Emil was dropped from the army. He was expelled from the party. He could not find work in all of Prague. The drawer was closed. "I kept looking and looking, but no one would hire me," he says. "I could not understand. Finally a man told me that everyone in Prague was afraid to hire me. He said I would have to find work outside the city."

The greatest distance runner of all time became a member of a geological survey team, which searched for minerals and water in the backlands of the country. The job basically was digging, doing construction. He dug. He lifted 110-pound sacks of cement. He left home and lived in a trailer for stretches of 10 and 14 days. The work began at seven in the morning and ended at eight at night. When he came home for a fortnight, he was exhausted. Dana mostly was alone in their house on the hill, worrying.

"I did not want him to go to jail," she says. "My father was in jail under the Germans. The Gestapo came in the middle of the night and took him away. He was at Dachau, Buchenwald, later in a prison in Brno. He was a colonel in the Czech army. The Nazis kept him as a hostage. He lost all of those years in jail.

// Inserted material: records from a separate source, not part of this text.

lemma cheap_reveal_on_blind_hist:
  assumes "c \<in> costs n" and "reveals n A x c" and "run_cost n A x c < ennreal B"
  shows "\<exists>k. spent (blind_hist n A k) < B \<and> (\<exists>i<n. real (c i) \<le> invest (blind_hist n A k) i)"
proof -
  define P where "P k \<longleftrightarrow> (\<exists>i<n. real (c i) \<le> invest (hist n A x c k) i)" for k
  define k0 where "k0 = (LEAST k. P k)"
  have "P k0"
    using assms(2) LeastI_ex[of P] unfolding reveals_def P_def k0_def by blast
  have not_P: "\<not> P j" if "j < k0" for j
    using not_less_Least that unfolding k0_def by blast
  have "\<not> P 0"
    using costs_range[OF assms(1)] by (force simp: P_def invest_def)
  with \<open>P k0\<close> obtain m where m: "k0 = Suc m"
    by (cases k0) auto
  have "hist n A x c m = blind_hist n A m"
    using not_P m by (intro hist_eq_blind_hist) (auto simp: P_def not_le)
  then have actions: "map fst (hist n A x c k0) = map fst (blind_hist n A k0)"
    using m actions_hist_Suc_eq by simp
  have "ennreal (spent (hist n A x c k0)) < ennreal B"
    using spent_hist_le_run_cost assms(3) by (rule le_less_trans)
  then have "spent (blind_hist n A k0) < B"
    using spent_eq_if_actions_eq[OF actions] ennreal_less_iff by (metis ennreal_leI not_le)
  moreover have "\<exists>i<n. real (c i) \<le> invest (blind_hist n A k0) i"
    using \<open>P k0\<close> invest_eq_if_actions_eq[OF actions] by (auto simp: P_def)
  ultimately show ?thesis by blast
qed

section \<open>Uniformly random costs\<close>

lemma finite_costs: "finite (costs n)"
proof (rule finite_subset)
  show "costs n \<subseteq> {c. \<forall>i. (i \<in> {..<n} \<longrightarrow> c i \<in> {1..n}) \<and> (i \<notin> {..<n} \<longrightarrow> c i = 0)}"
    using costs_range by (auto simp: costs_def)
qed (intro finite_set_of_finite_funs; simp)
lemma Suc_in_costs: "(\<lambda>i. if i < n then Suc i else 0) \<in> costs n"
proof -
  have "bij_betw Suc {..<n} {1..n}"
    by (simp add: image_Suc_lessThan)
  then show ?thesis
    unfolding costs_def by (auto intro: bij_betw_cong[THEN iffD1])
qed

lemma card_costs_pos: "0 < card (costs n)"
  using finite_costs Suc_in_costs card_gt_0_iff by blast

lemma card_inputs_pos: "0 < card (inputs n)"
proof -
  have "inputs n = {x. \<forall>i. (i \<in> {..<n} \<longrightarrow> x i \<in> UNIV) \<and> (i \<notin> {..<n} \<longrightarrow> x i = False)}"
    by (auto simp: inputs_def)
  then have "finite (inputs n)"
    using finite_set_of_finite_funs[of "{..<n}" UNIV False] by simp
  moreover have "(\<lambda>_. False) \<in> inputs n"
    by (simp add: inputs_def)
  ultimately show ?thesis
    using card_gt_0_iff by blast
qed

lemma transpose_comp_in_costs:
  assumes "c \<in> costs n" and "j \<in> {1..n}" and "j' \<in> {1..n}"
  shows "Transposition.transpose j j' \<circ> c \<in> costs n"
proof -
  have "bij_betw (Transposition.transpose j j' \<circ> c) {..<n} {1..n}"
    using assms by (intro bij_betw_trans[of c _ "{1..n}"]) (auto simp: costs_def)
  moreover have "(Transposition.transpose j j' \<circ> c) i = 0" if "n \<le> i" for i
    using assms that by (auto simp: costs_def)
  ultimately show ?thesis
    by (simp add: costs_def)
qed

lemma card_costs_value_eq:
  assumes "j \<in> {1..n}" and "j' \<in> {1..n}"
  shows "card {c\<in>costs n. c i = j} = card {c\<in>costs n. c i = j'}"
proof (rule bij_betw_same_card)
  show "bij_betw ((\<circ>) (Transposition.transpose j j')) {c\<in>costs n. c i = j} {c\<in>costs n. c i = j'}"
  proof (rule bij_betw_byWitness[where f' = "(\<circ>) (Transposition.transpose j j')"])
    show "(\<circ>) (Transposition.transpose j j') ` {c \<in> costs n. c i = j} \<subseteq> {c \<in> costs n. c i = j'}"
      using transpose_comp_in_costs[OF _ assms] by auto
    show "(\<circ>) (Transposition.transpose j j') ` {c \<in> costs n. c i = j'} \<subseteq> {c \<in> costs n. c i = j}"
      using transpose_comp_in_costs[OF _ assms] by auto
  qed (simp_all add: comp_assoc[symmetric])
qed

lemma card_costs_value_in:
  assumes "i < n" and "J \<subseteq> {1..n}"
  shows "n * card {c\<in>costs n. c i \<in> J} = card J * card (costs n)"
proof -
  have count: "card {c\<in>costs n. c i \<in> K} = card K * card {c\<in>costs n. c i = 1}"
    if "K \<subseteq> {1..n}" for K
  proof -
    have "{c\<in>costs n. c i \<in> K} = (\<Union>j\<in>K. {c\<in>costs n. c i = j})"
      by auto
    also have "card \<dots> = (\<Sum>j\<in>K. card {c\<in>costs n. c i = j})"
      using that finite_costs by (intro card_UN_disjoint) (auto intro: finite_subset)
    also have "\<dots> = (\<Sum>j\<in>K. card {c\<in>costs n. c i = 1})"
      using that assms(1) by (intro sum.cong refl card_costs_value_eq) auto
    finally show ?thesis
      by simp
  qed
  have "{c\<in>costs n. c i \<in> {1..n}} = costs n"
    using costs_range assms(1) by blast
  then have "card (costs n) = n * card {c\<in>costs n. c i = 1}"
    using count[of "{1..n}"] by simp
  then show ?thesis
    using count[OF assms(2)] by simp
qed

lemma card_le_threshold: "0 \<le> t \<Longrightarrow> real (card {j\<in>{1..n::nat}. real j \<le> t}) \<le> t"
proof -
  assume "0 \<le> t"
  then have "{j\<in>{1..n}. real j \<le> t} \<subseteq> {1..nat \<lfloor>t\<rfloor>}"
    by (auto simp: le_nat_floor)
  then have "card {j\<in>{1..n}. real j \<le> t} \<le> nat \<lfloor>t\<rfloor>"
    using card_mono[of "{1..nat \<lfloor>t\<rfloor>}"] by fastforce
  with \<open>0 \<le> t\<close> show ?thesis
    by linarith
qed

lemma card_costs_le_threshold:
  assumes "i < n" and "0 \<le> t"
  shows "real (card {c\<in>costs n. real (c i) \<le> t}) \<le> t * card (costs n) / n"
proof -
  let ?J = "{j\<in>{1..n}. real j \<le> t}"
  have same: "{c\<in>costs n. real (c i) \<le> t} = {c\<in>costs n. c i \<in> ?J}"
    using costs_range assms(1) by auto
  have "n * card {c\<in>costs n. real (c i) \<le> t} = card ?J * card (costs n)"
    unfolding same using assms(1) by (rule card_costs_value_in) auto
  then have "real n * card {c\<in>costs n. real (c i) \<le> t} = real (card ?J) * card (costs n)"
    by (simp flip: of_nat_mult)
  also have "\<dots> \<le> t * card (costs n)"
    by (rule mult_right_mono[OF card_le_threshold[OF assms(2)]]) simp
  finally show ?thesis
    using assms(1) by (simp add: pos_le_divide_eq mult.commute)
qed

lemma card_costs_below_some_le:
  assumes "\<And>i. 0 \<le> t i"
  shows "real (card (\<Union>i<n. {c\<in>costs n. real (c i) \<le> t i})) \<le> (\<Sum>i<n. t i) * card (costs n) / n"
proof -
  have "card (\<Union>i<n. {c\<in>costs n. real (c i) \<le> t i}) \<le> (\<Sum>i<n. card {c\<in>costs n. real (c i) \<le> t i})"
    by (rule card_UN_le) simp
  then have "real (card (\<Union>i<n. {c\<in>costs n. real (c i) \<le> t i}))
               \<le> (\<Sum>i<n. real (card {c\<in>costs n. real (c i) \<le> t i}))"
    unfolding of_nat_sum[symmetric] of_nat_le_iff .
  also have "\<dots> \<le> (\<Sum>i<n. t i * card (costs n) / n)"
    using card_costs_le_threshold assms by (intro sum_mono) simp
  finally show ?thesis
    by (simp add: sum_divide_distrib sum_distrib_right)
qed

lemma cheap_reveals_covered:
  assumes "0 \<le> B"
  obtains t where "\<And>i. 0 \<le> t i" and "(\<Sum>i<n. t i) \<le> B"
    and "{c\<in>costs n. reveals n A x c \<and> run_cost n A x c < ennreal B}
           \<subseteq> (\<Union>i<n. {c\<in>costs n. real (c i) \<le> t i})"
proof (cases "{c\<in>costs n. reveals n A x c \<and> run_cost n A x c < ennreal B} = {}")
  case True
  show ?thesis
    by (rule that[of "\<lambda>_. 0"]) (use True assms in auto)
next
  case False
  define S where "S = {c\<in>costs n. reveals n A x c \<and> run_cost n A x c < ennreal B}"
  have "\<exists>k. spent (blind_hist n A k) < B \<and> (\<exists>i<n. real (c i) \<le> invest (blind_hist n A k) i)"
    if "c \<in> S" for c
    using cheap_reveal_on_blind_hist that by (auto simp: S_def)
  then obtain k where k_spent: "\<And>c. c \<in> S \<Longrightarrow> spent (blind_hist n A (k c)) < B"
    and k_reveals: "\<And>c. c \<in> S \<Longrightarrow> \<exists>i<n. real (c i) \<le> invest (blind_hist n A (k c)) i"
    by metis
  have "finite S"
    using finite_costs by (simp add: S_def)
  define K where "K = Max (k ` S)"
  have "K \<in> k ` S"
    unfolding K_def using \<open>finite S\<close> False by (simp add: S_def)
  then have "(\<Sum>i<n. invest (blind_hist n A K) i) \<le> B"
    using k_spent by (auto simp: sum_invest_eq_spent[OF valid_steps_blind_hist] less_imp_le)
  moreover have "S \<subseteq> (\<Union>i<n. {c\<in>costs n. real (c i) \<le> invest (blind_hist n A K) i})"
  proof
    fix c assume "c \<in> S"
    then obtain i where "i < n" and "real (c i) \<le> invest (blind_hist n A (k c)) i"
      using k_reveals by blast
    moreover have "invest (blind_hist n A (k c)) i \<le> invest (blind_hist n A K) i"
      unfolding K_def using \<open>finite S\<close> \<open>c \<in> S\<close> by (intro invest_blind_hist_mono) simp
    ultimately show "c \<in> (\<Union>i<n. {c\<in>costs n. real (c i) \<le> invest (blind_hist n A K) i})"
      using \<open>c \<in> S\<close> by (force simp: S_def)
  qed
  ultimately show ?thesis
    using that[of "invest (blind_hist n A K)"] invest_nonneg[OF valid_steps_blind_hist]
    unfolding S_def by blast
qed

lemma card_cheap_reveals_le:
  assumes "0 \<le> B"
  shows "real (card {c\<in>costs n. reveals n A x c \<and> run_cost n A x c < ennreal B})
           \<le> B * card (costs n) / n"
proof -
  obtain t where t_nonneg: "\<And>i. 0 \<le> t i" and t_sum: "(\<Sum>i<n. t i) \<le> B"
    and covered: "{c\<in>costs n. reveals n A x c \<and> run_cost n A x c < ennreal B}
                    \<subseteq> (\<Union>i<n. {c\<in>costs n. real (c i) \<le> t i})"
    using cheap_reveals_covered[OF assms] by blast
  have "card {c\<in>costs n. reveals n A x c \<and> run_cost n A x c < ennreal B}
          \<le> card (\<Union>i<n. {c\<in>costs n. real (c i) \<le> t i})"
    using covered finite_costs by (intro card_mono) auto
  then have "real (card {c\<in>costs n. reveals n A x c \<and> run_cost n A x c < ennreal B})
               \<le> (\<Sum>i<n. t i) * card (costs n) / n"
    using card_costs_below_some_le[of t n, OF t_nonneg] by linarith
  also have "\<dots> \<le> B * card (costs n) / n"
    using t_sum by (intro divide_right_mono mult_right_mono) auto
  finally show ?thesis .
qed

section \<open>The expected cost\<close>

lemma ennreal_diff_le_of_le_add: "ennreal a \<le> E + ennreal b \<Longrightarrow> 0 \<le> b \<Longrightarrow> ennreal (a - b) \<le> E"
  by (simp add: ennreal_minus_le_iff add.commute flip: ennreal_minus)

lemma emeasure_le_nn_integral_add_emeasure_less:
  fixes f :: "'a \<Rightarrow> ennreal"
  assumes "R \<in> sets M" and [measurable]: "f \<in> borel_measurable M"
  shows "B * emeasure M R \<le> (\<integral>\<^sup>+\<omega>. f \<omega> \<partial>M) + B * emeasure M {\<omega>\<in>R. f \<omega> < B}"
proof -
  have "{\<omega>\<in>R. f \<omega> < B} = {\<omega>\<in>space M. \<omega> \<in> R \<and> f \<omega> < B}"
    using sets.sets_into_space[OF assms(1)] by auto
  also have "\<dots> \<in> sets M"
    using assms(1) by measurable
  finally have D: "{\<omega>\<in>R. f \<omega> < B} \<in> sets M" .
  have "B * emeasure M R = (\<integral>\<^sup>+\<omega>. B * indicator R \<omega> \<partial>M)"
    using assms(1) by (simp add: nn_integral_cmult_indicator)
  also have "\<dots> \<le> (\<integral>\<^sup>+\<omega>. f \<omega> + B * indicator {\<omega>\<in>R. f \<omega> < B} \<omega> \<partial>M)"
    by (intro nn_integral_mono) (auto simp: indicator_def not_less add_increasing2)
  also have "\<dots> = (\<integral>\<^sup>+\<omega>. f \<omega> \<partial>M) + (\<integral>\<^sup>+\<omega>. B * indicator {\<omega>\<in>R. f \<omega> < B} \<omega> \<partial>M)"
    using D by (intro nn_integral_add) auto
  also have "(\<integral>\<^sup>+\<omega>. B * indicator {\<omega>\<in>R. f \<omega> < B} \<omega> \<partial>M) = B * emeasure M {\<omega>\<in>R. f \<omega> < B}"
    using D by (simp add: nn_integral_cmult_indicator)
  finally show ?thesis .
qed

lemma
  assumes "random_algorithm n M" and "x \<in> inputs n" and "c \<in> costs n"
  shows sets_reveals: "{A\<in>space M. reveals n A x c} \<in> sets M"
    and borel_measurable_run_cost: "(\<lambda>A. run_cost n A x c) \<in> borel_measurable M"
  using assms by (auto simp: random_algorithm_def)

lemma sets_cheap_reveals:
  assumes "random_algorithm n M" and "x \<in> inputs n" and "c \<in> costs n"
  shows "{A\<in>space M. reveals n A x c \<and> run_cost n A x c < B} \<in> sets M"
proof -
  have [measurable]: "Measurable.pred M (\<lambda>A. reveals n A x c)"
    using sets_reveals[OF assms] by (simp add: pred_def)
  note borel_measurable_run_cost[OF assms, measurable]
  show ?thesis
    by measurable
qed

lemma sum_emeasure_cheap_reveals_le:
  assumes "random_algorithm n M" and "x \<in> inputs n" and "0 \<le> B"
  shows "(\<Sum>c\<in>costs n. emeasure M {A\<in>space M. reveals n A x c \<and> run_cost n A x c < ennreal B})
           \<le> ennreal (B * card (costs n) / n)"
proof -
  interpret prob_space M
    using assms(1) by (simp add: random_algorithm_def)
  let ?D = "\<lambda>c. {A\<in>space M. reveals n A x c \<and> run_cost n A x c < ennreal B}"
  have D: "?D c \<in> sets M" if "c \<in> costs n" for c
    using sets_cheap_reveals[OF assms(1,2) that] .
  have "(\<Sum>c\<in>costs n. emeasure M (?D c)) = (\<integral>\<^sup>+A. (\<Sum>c\<in>costs n. indicator (?D c) A) \<partial>M)"
    using D by (simp add: nn_integral_sum)
  also have "\<dots> \<le> (\<integral>\<^sup>+A. ennreal (B * card (costs n) / n) \<partial>M)"
  proof (intro nn_integral_mono)
    fix A assume "A \<in> space M"
    then have "(\<Sum>c\<in>costs n. indicator (?D c) A :: ennreal)
                 = of_nat (card {c\<in>costs n. reveals n A x c \<and> run_cost n A x c < ennreal B})"
      by (simp add: indicator_def sum.If_cases finite_costs Int_def)
    also have "\<dots> \<le> ennreal (B * card (costs n) / n)"
      using card_cheap_reveals_le[OF assms(3)] by (simp add: ennreal_of_nat_eq_real_of_nat ennreal_leI)
    finally show "(\<Sum>c\<in>costs n. indicator (?D c) A) \<le> ennreal (B * card (costs n) / n)" .
  qed
  also have "\<dots> = ennreal (B * card (costs n) / n)"
    by (simp add: emeasure_space_1)
  finally show ?thesis .
qed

"I did not want this to happen to Emil. I told him I did not want him to be a hero. What good is it if someone says five or 10 years after you are dead that you are a hero? Maybe don't be such a big hero. Maybe be alive, instead."

Perhaps Emil misinterpreted the signals Dana sent him. He was under pressure from the Czech sports authorities. They called him an ingrate. Who was he to go against the government? The government had made him a champion. He lived two times, three times better than most people. Where was his gratitude? The secret police visited. There never were any physical threats, but there always were requests to sign a public statement. Why not? Sign. The pen was offered again and again.

Finally, in 1971, Emil signed.

A story appeared in the Communist daily, Rude Pravo. It gave the impression that Emil had repudiated the Manifesto. All he had done by signing, in fact, was to voice a qualified acceptance of the current system. But Rude Pravo did not carry any qualifications. The act was what mattered. The only importance was Emil's signature at the bottom. The reader would nod and say, "Ah, yes, he signed." It was not a happy moment.

"Emil made two mistakes," Dana says. "First, he did not read what he signed. The journalist who wrote the story was not able to capture Emil's—what is the word? Heart? Maybe not heart. He did not capture the meaning of Emil. Second, Emil did not talk with me before he signed. If he did, I don't think he would have done it.

"You have to understand, though, it was a time—oh, it's just hard to explain. Emil is a Communist. You have to know that. He wants the Communist system to work the way it is supposed to work. His father was a Communist. There are people who think he got something for signing that piece of paper. Let them think what they want. We got nothing. Our lives were not changed one bit."